The traditional notion of biodiversity considers a sample taken by field ecologists using a fixed area (a quadrat). Within the area there is a sample of the whole community being studied and by fully quantifying some aspect of diversity in this area (if it is representative of the whole) an estimate of the community diversity is obtained. Of course this estimate is made more accurate and precise by increasing the area of the sample, or equivalently, adding more samples to form a pooled sample. The simplest measure is a count and the count of species present in the sample is called the species richness - this is still the most common measure of biodiversity found in the literature. A single sample (perhaps composed of multiple quadrats, pooled) gives a localised measure of species richness, termed the alpha-diversity. If there are two or more alpha-diversity estimates, then the diversity among them is termed the beta-diversity. Unfortunately, there are many ways to define precisely what this means, but all amount to quantifying the difference among alpha-samples and expressing it as a proportion of the average diversity within them. The combined diversity of all the quadrats used to calculate beta-diversity, when pooled, is termed the gamma-diversity: it is equivalent to the alpha-diversity of the whole area sampled. It is important to note at this point that all these traditional measures describe samples of the biological system, not the system itself (though they do imply something about it). For example, if we think of an ecological community lying over an environmental gradient (perhaps running from the valley floor to the top of a mountain), then the alpha-diversity at one end will in general be different from the other end. Further, because each end contains a different (but maybe overlapping) set of organisms, there will be a more or less high beta-diversity among samples taken from each end. This means, in turn, that the gamma-diversity of the whole system is relatively high, but notice that the beta-diversity among adjacent alpha-samples will be small: in fact beta-diversity is a continuous variable of the physical distance among alpha-samples.

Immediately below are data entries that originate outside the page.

lemma mat_exp_scaleR_2x2_repeated:
  fixes M :: "'a::{real_normed_field,banach}^2^2"
  assumes "l + l = M$1$1 + M$2$2" "l * l = M$1$1 * M$2$2 - M$1$2 * M$2$1"
  shows "mat_exp (t *\<^sub>R M) = (\<chi> i j. exp (t *\<^sub>R l) * (t *\<^sub>R M$i$j)
           + (if i = j then (1 - t *\<^sub>R l) * exp (t *\<^sub>R l) else 0))"
proof -
  have "t *\<^sub>R l + t *\<^sub>R l = (t *\<^sub>R M)$1$1 + (t *\<^sub>R M)$2$2"
    "t *\<^sub>R l * t *\<^sub>R l = (t *\<^sub>R M)$1$1 * (t *\<^sub>R M)$2$2 - (t *\<^sub>R M)$1$2 * (t *\<^sub>R M)$2$1"
    using assms by (simp_all add: scaleR_add_right[symmetric] scaleR_diff_right[symmetric])
  from mat_exp_2x2_repeated[OF this] show ?thesis
    by simp
qed

lemma spec_2x2:
  fixes A :: "real^2^2"
  assumes "l + m = of_real (A$1$1 + A$2$2)" "l * m = of_real (A$1$1 * A$2$2 - A$1$2 * A$2$1)"
  shows "spec A = {l, m}" "spectral_bound A = max (Re l) (Re m)"
proof -
  have "det (cmat A - mat z) = (z - l) * (z - m)" for z
  proof -
    have "det (cmat A - mat z) = (of_real (A$1$1) - z) * (of_real (A$2$2) - z) - of_real (A$1$2) * of_real (A$2$1)"
      by (simp add: det_2 cmat_def mat_def)
    also have "\<dots> = z * z - (l + m) * z + l * m"
      unfolding assms by (simp add: algebra_simps)
    finally show ?thesis
      by (simp add: algebra_simps)
  qed
  then show spec: "spec A = {l, m}"
    unfolding spec_def by auto
  show "spectral_bound A = max (Re l) (Re m)"
    unfolding spectral_bound_def spec by simp
qed
lemma segment_reversal_decreases_crossing_potential:
  assumes cyc: "is_cycle V E cs" and K: "clique E K"
    and F: "finite F" "laminar F" "A \<in> F"
    and many: "3 \<le> card (crossing_edges A (cycle_edges cs \<inter> edges_within E K))"
  obtains cs' where "is_cycle V E cs'" "length cs' = length cs"
    "cycle_edges cs' - edges_within E K = cycle_edges cs - edges_within E K"
    "crossing_potential F (edges_within E K) cs' < crossing_potential F (edges_within E K) cs"
proof -
  let ?EK = "edges_within E K"
  obtain m a S Q where rot: "rotate m cs = a # S @ Q" and SQ: "S \<noteq> []" "Q \<noteq> []"
    and old: "{a, hd S} \<in> ?EK" "{last S, hd Q} \<in> ?EK"
    and sides: "a \<in> A \<longleftrightarrow> last S \<in> A" "hd S \<in> A \<longleftrightarrow> hd Q \<in> A" "a \<in> A \<longleftrightarrow> hd S \<notin> A"
    using rotate_cycle_at_parallel_crossings[OF many] by blast
  have cyc_rot: "is_cycle V E (a # S @ Q)"
    using cyc by (simp flip: rot add: is_cycle_rotate)
  note new = segment_reversal_in_clique[OF cyc_rot SQ K old]
  have d: "distinct (a # S @ Q)"
    using cyc_rot unfolding is_cycle_iff_cycle_edges by (elim conjE)
  obtain R where R: "finite R"
    "cycle_edges (a # S @ Q) = insert {a, hd S} (insert {last S, hd Q} R)"
    "cycle_edges (a # rev S @ Q) = insert {a, last S} (insert {hd S, hd Q} R)"
    "{a, hd S} \<notin> R" "{last S, hd Q} \<notin> R" "{a, hd S} \<noteq> {last S, hd Q}"
    "{a, last S} \<notin> R" "{hd S, hd Q} \<notin> R" "{a, last S} \<noteq> {hd S, hd Q}"
    using segment_reversal_edges[OF d SQ] by blast
  have edges: "cycle_edges cs = insert {a, hd S} (insert {last S, hd Q} R)"
    using R(2) rot by (metis cycle_edges_rotate)
  show thesis
  proof (rule that[of "a # rev S @ Q"])
    show "is_cycle V E (a # rev S @ Q)" "length (a # rev S @ Q) = length cs"
      using new(3) arg_cong[OF rot, of length] by simp_all
    show "cycle_edges (a # rev S @ Q) - ?EK = cycle_edges cs - ?EK"
      unfolding edges R(3) using old new by auto
    have "cycle_edges cs \<inter> ?EK = insert {a, hd S} (insert {last S, hd Q} (R \<inter> ?EK))"
      "cycle_edges (a # rev S @ Q) \<inter> ?EK = insert {a, last S} (insert {hd S, hd Q} (R \<inter> ?EK))"
      unfolding edges R(3) using old new by auto
    moreover have "finite (R \<inter> ?EK)"
      using R(1) by simp
    ultimately show "crossing_potential F ?EK (a # rev S @ Q) < crossing_potential F ?EK cs"
      unfolding crossing_potential_def
      using exchange_decreases_crossings[OF F, of "R \<inter> ?EK" a "hd S" "last S" "hd Q"] R(4-9) sides
      by simp
  qed
qed

lemma cycle_uncrossing:
  assumes cyc: "is_cycle V E C" and K: "clique E K" and F: "finite F" "laminar F"
  obtains C' where "is_cycle V E C'" "length C' = length C"
    "cycle_edges C' - edges_within E K = cycle_edges C - edges_within E K"
    "\<forall>A \<in> F. card (crossing_edges A (cycle_edges C' \<inter> edges_within E K)) \<le> 2"
proof -
  let ?EK = "edges_within E K"
  define admissible where "admissible cs \<longleftrightarrow>
      is_cycle V E cs \<and> length cs = length C \<and> cycle_edges cs - ?EK = cycle_edges C - ?EK" for cs
  obtain C' where C': "admissible C'"
    and least: "\<And>cs. admissible cs \<Longrightarrow> crossing_potential F ?EK C' \<le> crossing_potential F ?EK cs"
    using ex_has_least_nat[of admissible C "crossing_potential F ?EK"] cyc
    unfolding admissible_def by blast
  have "card (crossing_edges A (cycle_edges C' \<inter> ?EK)) \<le> 2" if A: "A \<in> F" for A
  proof (rule ccontr)
    assume "\<not> ?thesis"
    then have "3 \<le> card (crossing_edges A (cycle_edges C' \<inter> ?EK))"
      by simp
    moreover have "is_cycle V E C'"
      using C' unfolding admissible_def by blast
    ultimately obtain cs' where "is_cycle V E cs'" "length cs' = length C'"
      "cycle_edges cs' - ?EK = cycle_edges C' - ?EK"
      and smaller: "crossing_potential F ?EK cs' < crossing_potential F ?EK C'"
      using segment_reversal_decreases_crossing_potential[OF _ K F A] by blast
    then have "admissible cs'"
      using C' unfolding admissible_def by simp
    then show False
      using least smaller by (simp add: leD)
  qed
  then show thesis
    using that C' unfolding admissible_def by blast
qed

section \<open>Forgotten vertices of a tree decomposition\<close>

lemma funpow_fixed_point: "f x = x \<Longrightarrow> (f ^^ n) x = x"
  by (induction n) auto

lemma rooted_tree_funpow_in:
  "rooted_tree N r par \<Longrightarrow> t \<in> N \<Longrightarrow> (par ^^ k) t \<in> N"
  by (induction k) (auto simp: rooted_tree_def)

lemma descendants_trans:
  assumes "s \<in> descendants N par t" "t \<in> descendants N par t'"
  shows "s \<in> descendants N par t'"
proof -
  obtain a b where "s \<in> N" "(par ^^ a) s = t" "(par ^^ b) t = t'"
    using assms unfolding descendants_def by blast
  then have "(par ^^ (b + a)) s = t'"
    by (simp add: funpow_add)
  with \<open>s \<in> N\<close> show ?thesis
    unfolding descendants_def by blast
qed

lemma descendants_antisym:
  assumes rt: "rooted_tree N r par"
    and "t \<in> descendants N par t'" "t' \<in> descendants N par t"
  shows "t = t'"
proof -
  obtain a b where t: "t \<in> N" and a: "(par ^^ a) t = t'" and b: "(par ^^ b) t' = t"
    using assms(2,3) unfolding descendants_def by blast
  obtain K where K: "(par ^^ K) t = r" and root: "par r = r"
    using rt t unfolding rooted_tree_def by blast
  show ?thesis
  proof (cases "b + a = 0")
    case True
    then show ?thesis using a by simp
  next
    case False
    have period: "(par ^^ (b + a)) t = t"
      using a b by (simp add: funpow_add)
    have "K \<le> K * (b + a)"
      using False by (cases "b + a") auto
    have "t = (par ^^ (K * (b + a))) t"
      using funpow_mod_eq[OF period, of "K * (b + a)"] by simp
    also have "\<dots> = (par ^^ (K * (b + a) - K)) ((par ^^ K) t)"
      using \<open>K \<le> K * (b + a)\<close> by (metis funpow_add le_add_diff_inverse2 o_apply)
    also have "\<dots> = r"
      using K root by (simp add: funpow_fixed_point)
    finally show ?thesis
      using a root by (simp add: funpow_fixed_point)
  qed
qed
(* Let $K$ be either $\{1,2,3\}$ or $\{1,2,4\}$. The set of all groupoid identities $p=q$ satisfying the following conditions forms a basis for $\Sigma_K$. Every variable $x$ occurring in $p$ or $q$ either occurs exactly once in $p$ and exactly once in $q$, or occurs exactly twice in $p$ and exactly twice in $q$. If $x$ occurs exactly once in both $p$ and $q$, then the color of $x$ is the same in $p$ and in $q$. If $x$ occurs twice, then: for $K=\{1,2,3\}$, its two occurrences have colors $\alpha$ and $\beta$ in one of the terms and colors $\gamma$ and $1$ in the other; for $K=\{1,2,4\}$, its two occurrences have colors $\alpha$ and $\gamma$ in one of the terms and colors $\beta$ and $1$ in the other.
   Context: Let $f_1(x,y)=x+y$, $f_2(x,y)=x-y$, $f_3(x,y)=-x+y$, $f_4(x,y)=-x-y$ on $\mathbb{Z}$. For $K\subseteq\{1,2,3,4\}$, $\Sigma_K$ is the set of groupoid identities satisfied in $\mathbb{Z}$ by $f_k$ for every $k\in K$. Let $\mathbf{KL}=\{1,\alpha,\beta,\gamma\}$ be the Klein 4-group ($\alpha^2=\beta^2=1$, $\alpha\beta=\gamma$). The color of an occurrence of a variable in a term $p$ is the element of $\mathbf{KL}$ obtained by following the path from the whole term down to that occurrence, starting with $1$ and multiplying by $\alpha$ each time one passes to the left factor of a product and by $\beta$ each time one passes to the right factor. A basis for $\Sigma_K$ is a set of identities whose equational consequences are exactly $\Sigma_K$. *)

theory Defs
  imports "HOL-Library.Multiset"
begin

datatype gterm = Var nat | Mul gterm gterm

fun gsubst :: "(nat \<Rightarrow> gterm) \<Rightarrow> gterm \<Rightarrow> gterm" where
  "gsubst \<sigma> (Var x) = \<sigma> x"
| "gsubst \<sigma> (Mul p q) = Mul (gsubst \<sigma> p) (gsubst \<sigma> q)"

All this suggests a more general outlook is needed - one which describes the diversity ‘density’ over the surface.

This notion is analogous to the potential difference which can be calculated over an electrical field. At each point in the field, there is an electrical potential and variation in space of the potential gives a local gradient which can causes an electro-motive force. Strictly at a singular point, there is no gradient, but it can be defined by the local gradient via differential vector calculus - the ‘div’, ‘grad’ and ‘curl’ which do the same job in flow equations such as for heat and fluid mechanics and beautifully summarise electrical and magnetic fields in Maxwell's equations).  The local diversity around a point in space gives us a gradient measure in diversity. That is hard to envisage, but if we recall that diversity is a measure of difference and that difference is fundamentally information content, then we have a local gradient in information, which in turn can be described as a field (analogous to that of the electrical potential). This more general view, then describes biodiversity which extends over space, as a field of information density (and it can be three as well as two dimensional). Alpha-diversity then becomes an estimate of the diversity in a small region, obtained from integrating over the region (surface area, or for aquatic and soil systems, perhaps a volume). In practice the integration can be replaced with a summation. The beta-diversity is then re-interpreted as a gradient measure, which in general will have a direction, hence a ‘div’, ‘grad’ and ‘curl’ are needed to describe it.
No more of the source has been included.